Saved data entries:
=====

lemma nn_integral_lborel_triple:
  fixes f :: "real \<times> real \<times> real \<Rightarrow> ennreal"
  assumes [measurable]: "f \<in> borel_measurable borel"
  shows "(\<integral>\<^sup>+z. f z \<partial>lborel) = (\<integral>\<^sup>+a. \<integral>\<^sup>+b. \<integral>\<^sup>+c. f (a, b, c) \<partial>lborel \<partial>lborel \<partial>lborel)"
  by (simp add: nn_integral_lborel_pair[of f] nn_integral_lborel_pair[of "\<lambda>y. f (_, y)"])

lemma nn_integral_lborel_rotate:
  fixes f :: "real \<times> real \<times> real \<Rightarrow> ennreal"
  assumes [measurable]: "f \<in> borel_measurable borel"
  shows "(\<integral>\<^sup>+a. \<integral>\<^sup>+x. \<integral>\<^sup>+y. f (a, x, y) \<partial>lborel \<partial>lborel \<partial>lborel)
       = (\<integral>\<^sup>+x. \<integral>\<^sup>+y. \<integral>\<^sup>+a. f (a, x, y) \<partial>lborel \<partial>lborel \<partial>lborel)"
proof -
  have pair: "pair_sigma_finite (lborel :: real measure) (lborel :: (real \<times> real) measure)"
    by (simp add: pair_sigma_finite_def lborel.sigma_finite_measure_axioms)
  have "(\<integral>\<^sup>+a. \<integral>\<^sup>+x. \<integral>\<^sup>+y. f (a, x, y) \<partial>lborel \<partial>lborel \<partial>lborel)
      = (\<integral>\<^sup>+a. \<integral>\<^sup>+xy. f (a, xy) \<partial>lborel \<partial>lborel)"
    by (simp add: nn_integral_lborel_pair[of "\<lambda>xy. f (_, xy)"])
  also have "\<dots> = (\<integral>\<^sup>+xy. \<integral>\<^sup>+a. f (a, xy) \<partial>lborel \<partial>lborel)"
    by (rule pair_sigma_finite.Fubini[OF pair, symmetric]) (simp add: lborel_prod)
  also have "\<dots> = (\<integral>\<^sup>+x. \<integral>\<^sup>+y. \<integral>\<^sup>+a. f (a, x, y) \<partial>lborel \<partial>lborel \<partial>lborel)"
    by (simp add: nn_integral_lborel_pair[of "\<lambda>xy. \<integral>\<^sup>+a. f (a, xy) \<partial>lborel"])
  finally show ?thesis .
qed

lemma nn_integral_lborel_affine:
  fixes f :: "real \<Rightarrow> ennreal"
  assumes "f \<in> borel_measurable borel" "s \<noteq> 0"
  shows "(\<integral>\<^sup>+x. f x \<partial>lborel) = (\<integral>\<^sup>+y. ennreal \<bar>1/s\<bar> * f ((y - t) / s) \<partial>lborel)"
proof -
  have "(\<integral>\<^sup>+x. f x \<partial>lborel) = ennreal \<bar>1/s\<bar> * (\<integral>\<^sup>+y. f (- t/s + 1/s * y) \<partial>lborel)"
    by (rule nn_integral_real_affine) (use assms in auto)
  also have "\<dots> = (\<integral>\<^sup>+y. ennreal \<bar>1/s\<bar> * f ((y - t) / s) \<partial>lborel)"
    using assms by (subst nn_integral_cmult[symmetric]) (simp_all add: diff_divide_distrib)
  finally show ?thesis .
qed

text \<open>For fixed a, the substitution (b, c) \<mapsto> (x1, x2) = sl2_image a b c (p, q), inverted as
  b = (x1 - a p) / q and c = (a x2 - q) / x1.\<close>
lemma nn_integral_sl2_coordinates:
  fixes F :: "real \<Rightarrow> real \<Rightarrow> ennreal"
  assumes F: "(\<lambda>(b, c). F b c) \<in> borel_measurable borel" and q: "q \<noteq> 0" and a: "a \<noteq> 0"
  shows "(\<integral>\<^sup>+b. \<integral>\<^sup>+c. F b c \<partial>lborel \<partial>lborel)
    = (\<integral>\<^sup>+x1. \<integral>\<^sup>+x2. ennreal \<bar>a / (q * x1)\<bar> * F ((x1 - a*p) / q) ((a*x2 - q) / x1) \<partial>lborel \<partial>lborel)"
proof -
  have F_comp: "(\<lambda>x. F (f x) (g x)) \<in> borel_measurable borel"
    if "continuous_on UNIV f" "continuous_on UNIV g" for f g :: "real \<Rightarrow> real"
    using measurable_compose[OF borel_measurable_continuous_onI[of "\<lambda>x. (f x, g x)"] F] that
    by (simp add: continuous_on_Pair)
  have inner: "(\<integral>\<^sup>+c. F b c \<partial>lborel) = (\<integral>\<^sup>+x2. ennreal \<bar>a / x1\<bar> * F b ((a*x2 - q) / x1) \<partial>lborel)"
    if "x1 \<noteq> 0" for b x1
  proof -
    have "(y - q/a) / (x1/a) = (a*y - q) / x1" for y using a that by (simp add: field_simps)
    then show ?thesis
      using nn_integral_lborel_affine[of "F b" "x1/a" "q/a"] F_comp[of "\<lambda>_. b" id] that a by simp
  qed
  have "(\<lambda>b. \<integral>\<^sup>+c. F b c \<partial>lborel) \<in> borel_measurable borel"
    using lborel.borel_measurable_nn_integral_fst[of "\<lambda>(b, c). F b c" lborel] F
    by (simp add: lborel_prod)
  then have "(\<integral>\<^sup>+b. \<integral>\<^sup>+c. F b c \<partial>lborel \<partial>lborel)
      = (\<integral>\<^sup>+x1. ennreal \<bar>1/q\<bar> * (\<integral>\<^sup>+c. F ((x1 - a*p) / q) c \<partial>lborel) \<partial>lborel)"
    by (rule nn_integral_lborel_affine) (use q in auto)
  also have "\<dots> = (\<integral>\<^sup>+x1. \<integral>\<^sup>+x2. ennreal \<bar>a / (q * x1)\<bar> * F ((x1 - a*p) / q) ((a*x2 - q) / x1) \<partial>lborel \<partial>lborel)"
  proof (rule nn_integral_cong_AE)
    show "AE x1 in lborel. ennreal \<bar>1/q\<bar> * (\<integral>\<^sup>+c. F ((x1 - a*p) / q) c \<partial>lborel)
        = (\<integral>\<^sup>+x2. ennreal \<bar>a / (q * x1)\<bar> * F ((x1 - a*p) / q) ((a*x2 - q) / x1) \<partial>lborel)"
      using AE_lborel_singleton[of 0]
    proof eventually_elim
      case (elim x1)
      have "(\<lambda>x2. ennreal \<bar>a / x1\<bar> * F ((x1 - a*p) / q) ((a*x2 - q) / x1)) \<in> borel_measurable borel"
        using elim by (intro borel_measurable_times_ennreal borel_measurable_const F_comp continuous_intros) auto
      then show ?case
        using elim by (simp add: inner nn_integral_cmult[symmetric] mult.assoc[symmetric]
            ennreal_mult[symmetric] abs_mult)
    qed
  qed
  finally show ?thesis .
qed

=====

▶ [Exercise directions]
Output the entire set of records exactly as shown.

▶ [Exercise response]
lemma nn_integral_lborel_triple:
  fixes f :: "real \<times> real \<times> real \<Rightarrow> ennreal"
  assumes [measurable]: "f \<in> borel_measurable borel"
  shows "(\<integral>\<^sup>+z. f z \<partial>lborel) = (\<integral>\<^sup>+a. \<integral>\<^sup>+b. \<integral>\<^sup>+c. f (a, b, c) \<partial>lborel \<partial>lborel \<partial>lborel)"
  by (simp add: nn_integral_lborel_pair[of f] nn_integral_lborel_pair[of "\<lambda>y. f (_, y)"])

lemma nn_integral_lborel_rotate:
  fixes f :: "real \<times> real \<times> real \<Rightarrow> ennreal"
  assumes [measurable]: "f \<in> borel_measurable borel"
  shows "(\<integral>\<^sup>+a. \<integral>\<^sup>+x. \<integral>\<^sup>+y. f (a, x, y) \<partial>lborel \<partial>lborel \<partial>lborel)
       = (\<integral>\<^sup>+x. \<integral>\<^sup>+y. \<integral>\<^sup>+a. f (a, x, y) \<partial>lborel \<partial>lborel \<partial>lborel)"
proof -
  have pair: "pair_sigma_finite (lborel :: real measure) (lborel :: (real \<times> real) measure)"
    by (simp add: pair_sigma_finite_def lborel.sigma_finite_measure_axioms)
  have "(\<integral>\<^sup>+a. \<integral>\<^sup>+x. \<integral>\<^sup>+y. f (a, x, y) \<partial>lborel \<partial>lborel \<partial>lborel)
      = (\<integral>\<^sup>+a. \<integral>\<^sup>+xy. f (a, xy) \<partial>lborel \<partial>lborel)"
    by (simp add: nn_integral_lborel_pair[of "\<lambda>xy. f (_, xy)"])
  also have "\<dots> = (\<integral>\<^sup>+xy. \<integral>\<^sup>+a. f (a, xy) \<partial>lborel \<partial>lborel)"
    by (rule pair_sigma_finite.Fubini[OF pair, symmetric]) (simp add: lborel_prod)
  also have "\<dots> = (\<integral>\<^sup>+x. \<integral>\<^sup>+y. \<integral>\<^sup>+a. f (a, x, y) \<partial>lborel \<partial>lborel \<partial>lborel)"
    by (simp add: nn_integral_lborel_pair[of "\<lambda>xy. \<integral>\<^sup>+a. f (a, xy) \<partial>lborel"])
  finally show ?thesis .
qed

lemma nn_integral_lborel_affine:
  fixes f :: "real \<Rightarrow> ennreal"
  assumes "f \<in> borel_measurable borel" "s \<noteq> 0"
  shows "(\<integral>\<^sup>+x. f x \<partial>lborel) = (\<integral>\<^sup>+y. ennreal \<bar>1/s\<bar> * f ((y - t) / s) \<partial>lborel)"
proof -
  have "(\<integral>\<^sup>+x. f x \<partial>lborel) = ennreal \<bar>1/s\<bar> * (\<integral>\<^sup>+y. f (- t/s + 1/s * y) \<partial>lborel)"
    by (rule nn_integral_real_affine) (use assms in auto)
  also have "\<dots> = (\<integral>\<^sup>+y. ennreal \<bar>1/s\<bar> * f ((y - t) / s) \<partial>lborel)"
    using assms by (subst nn_integral_cmult[symmetric]) (simp_all add: diff_divide_distrib)
  finally show ?thesis .
qed

text \<open>For fixed a, the substitution (b, c) \<mapsto> (x1, x2) = sl2_image a b c (p, q), inverted as
  b = (x1 - a p) / q and c = (a x2 - q) / x1.\<close>
lemma nn_integral_sl2_coordinates:
  fixes F :: "real \<Rightarrow> real \<Rightarrow> ennreal"
  assumes F: "(\<lambda>(b, c). F b c) \<in> borel_measurable borel" and q: "q \<noteq> 0" and a: "a \<noteq> 0"
  shows "(\<integral>\<^sup>+b. \<integral>\<^sup>+c. F b c \<partial>lborel \<partial>lborel)
    = (\<integral>\<^sup>+x1. \<integral>\<^sup>+x2. ennreal \<bar>a / (q * x1)\<bar> * F ((x1 - a*p) / q) ((a*x2 - q) / x1) \<partial>lborel \<partial>lborel)"
proof -
  have F_comp: "(\<lambda>x. F (f x) (g x)) \<in> borel_measurable borel"
    if "continuous_on UNIV f" "continuous_on UNIV g" for f g :: "real \<Rightarrow> real"
    using measurable_compose[OF borel_measurable_continuous_onI[of "\<lambda>x. (f x, g x)"] F] that
    by (simp add: continuous_on_Pair)
  have inner: "(\<integral>\<^sup>+c. F b c \<partial>lborel) = (\<integral>\<^sup>+x2. ennreal \<bar>a / x1\<bar> * F b ((a*x2 - q) / x1) \<partial>lborel)"
    if "x1 \<noteq> 0" for b x1
  proof -
    have "(y - q/a) / (x1/a) = (a*y - q) / x1" for y using a that by (simp add: field_simps)
    then show ?thesis
      using nn_integral_lborel_affine[of "F b" "x1/a" "q/a"] F_comp[of "\<lambda>_. b" id] that a by simp
  qed
  have "(\<lambda>b. \<integral>\<^sup>+c. F b c \<partial>lborel) \<in> borel_measurable borel"
    using lborel.borel_measurable_nn_integral_fst[of "\<lambda>(b, c). F b c" lborel] F
    by (simp add: lborel_prod)
  then have "(\<integral>\<^sup>+b. \<integral>\<^sup>+c. F b c \<partial>lborel \<partial>lborel)
      = (\<integral>\<^sup>+x1. ennreal \<bar>1/q\<bar> * (\<integral>\<^sup>+c. F ((x1 - a*p) / q) c \<partial>lborel) \<partial>lborel)"
    by (rule nn_integral_lborel_affine) (use q in auto)
  also have "\<dots> = (\<integral>\<^sup>+x1. \<integral>\<^sup>+x2. ennreal \<bar>a / (q * x1)\<bar> * F ((x1 - a*p) / q) ((a*x2 - q) / x1) \<partial>lborel \<partial>lborel)"
  proof (rule nn_integral_cong_AE)
    show "AE x1 in lborel. ennreal \<bar>1/q\<bar> * (\<integral>\<^sup>+c. F ((x1 - a*p) / q) c \<partial>lborel)
        = (\<integral>\<^sup>+x2. ennreal \<bar>a / (q * x1)\<bar> * F ((x1 - a*p) / q) ((a*x2 - q) / x1) \<partial>lborel)"
      using AE_lborel_singleton[of 0]
    proof eventually_elim
      case (elim x1)
      have "(\<lambda>x2. ennreal \<bar>a / x1\<bar> * F ((x1 - a*p) / q) ((a*x2 - q) / x1)) \<in> borel_measurable borel"
        using elim by (intro borel_measurable_times_ennreal borel_measurable_const F_comp continuous_intros) auto
      then show ?case
        using elim by (simp add: inner nn_integral_cmult[symmetric] mult.assoc[symmetric]
            ennreal_mult[symmetric] abs_mult)
    qed
  qed
  finally show ?thesis .
qed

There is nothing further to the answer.